Mugabe’s farm workers lament his takeover

Mugabe's workers lament his takeover

Robert Mugabe always argued that his land seizures would liberate Zimbabweans from poverty, but those who work on his farms say they were better off under their former bosses.

Telegraph By Peta Thornycroft in Harare

25 Sep 2009

Violent land seizures began in Zimbabwe in 2000 carried out by so- called "war veterans" (pictured) Photo: AFP/GETTY

Misheck – whose real name cannot be disclosed for fear of reprisals – grew up on one of the farms on Mr Mugabe's estate and his two children were born and are schooled there.

"The farm managers are cruel. The new one doesn't let us go into the fields after the combines have been in to pick what's left, wheat seeds, potatoes, sweet potatoes," he said.

"The previous farmers gave continuity and used the farm properly, and we got bonuses after a good harvest. He also listened to our personal problems. Getting a loan now is a thing of the past," he said.

After the farms were invaded, he said, "they stopped workers from doing anything on the farm if they were suspected of loyalty to the previous owner, or connected to MDC. They would harass and beat people."

Later rumours circulated that the farms had been taken for the president.

"First we were told we would be working for ARDA, then later we were told the farms belong to the president. Some were told by [agriculture minister] Joseph [Made], some were told by management.

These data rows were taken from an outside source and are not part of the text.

(* If a topological space $X$ is productively countably tight, then $\mathsf{S}_1(\Omega_x, \Omega_x)$ holds for each $x \in X$; that is, for every $x \in X$ and every sequence $(A_n)_{n \in \omega}$ of elements of $\Omega_x$ one can select $a_n \in A_n$ such that $\{a_n : n \in \omega\} \in \Omega_x$.
   Context: For a point $x$ of a space $X$, $\Omega_x$ denotes the collection of all sets $A \subset X$ such that $x \notin A$ and $x \in \overline{A}$. A space is countably tight if for every point $y$ and every set $A$ with $y \in \overline{A}$ there is a countable $B \subset A$ with $y \in \overline{B}$. $X$ is productively countably tight if $X \times Y$ is countably tight for every countably tight space $Y$. *)

theory Defs
  imports "HOL-Analysis.Analysis"
begin

definition Omega_pt :: "'a topology \<Rightarrow> 'a \<Rightarrow> 'a set set" where
  "Omega_pt X x = {A. A \<subseteq> topspace X \<and> x \<notin> A \<and> x \<in> X closure_of A}"

definition countably_tight :: "'a topology \<Rightarrow> bool" where
  "countably_tight X \<longleftrightarrow>
     (\<forall>y A. y \<in> topspace X \<and> A \<subseteq> topspace X \<and> y \<in> X closure_of A \<longrightarrow>
        (\<exists>B. B \<subseteq> A \<and> countable B \<and> y \<in> X closure_of B))"

text \<open>HOL cannot quantify over all types inside a formula; the test spaces Y
  range over all topologies on the (large) type of sets of sets of pairs
  ('a \<times> nat), which contains (up to homeomorphism) every space of cardinality
  at most 2^(2^(|'a| * aleph_0)).\<close>
definition productively_countably_tight :: "'a topology \<Rightarrow> bool" where
  "productively_countably_tight X \<longleftrightarrow>
     (\<forall>Y :: (('a \<times> nat) set set) topology.
        countably_tight Y \<longrightarrow> countably_tight (prod_topology X Y))"

definition S1_Omega :: "'a topology \<Rightarrow> 'a \<Rightarrow> bool" where
  "S1_Omega X x \<longleftrightarrow>
     (\<forall>A :: nat \<Rightarrow> 'a set. (\<forall>n. A n \<in> Omega_pt X x) \<longrightarrow>
        (\<exists>a. (\<forall>n. a n \<in> A n) \<and> range a \<in> Omega_pt X x))"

"Some who had been working for ARDA were upset because by moving to Gushungo, [Mr Mugabe's company] they would lose their pensions." Workers say they are paid minimum wage for the jobs they carry out, which ranges from £13 to £25 a month. They receive enough maize meal for their families and recently were also given vegetables, and have free accommodation. Some of the workers' villages have electricity, while others do not.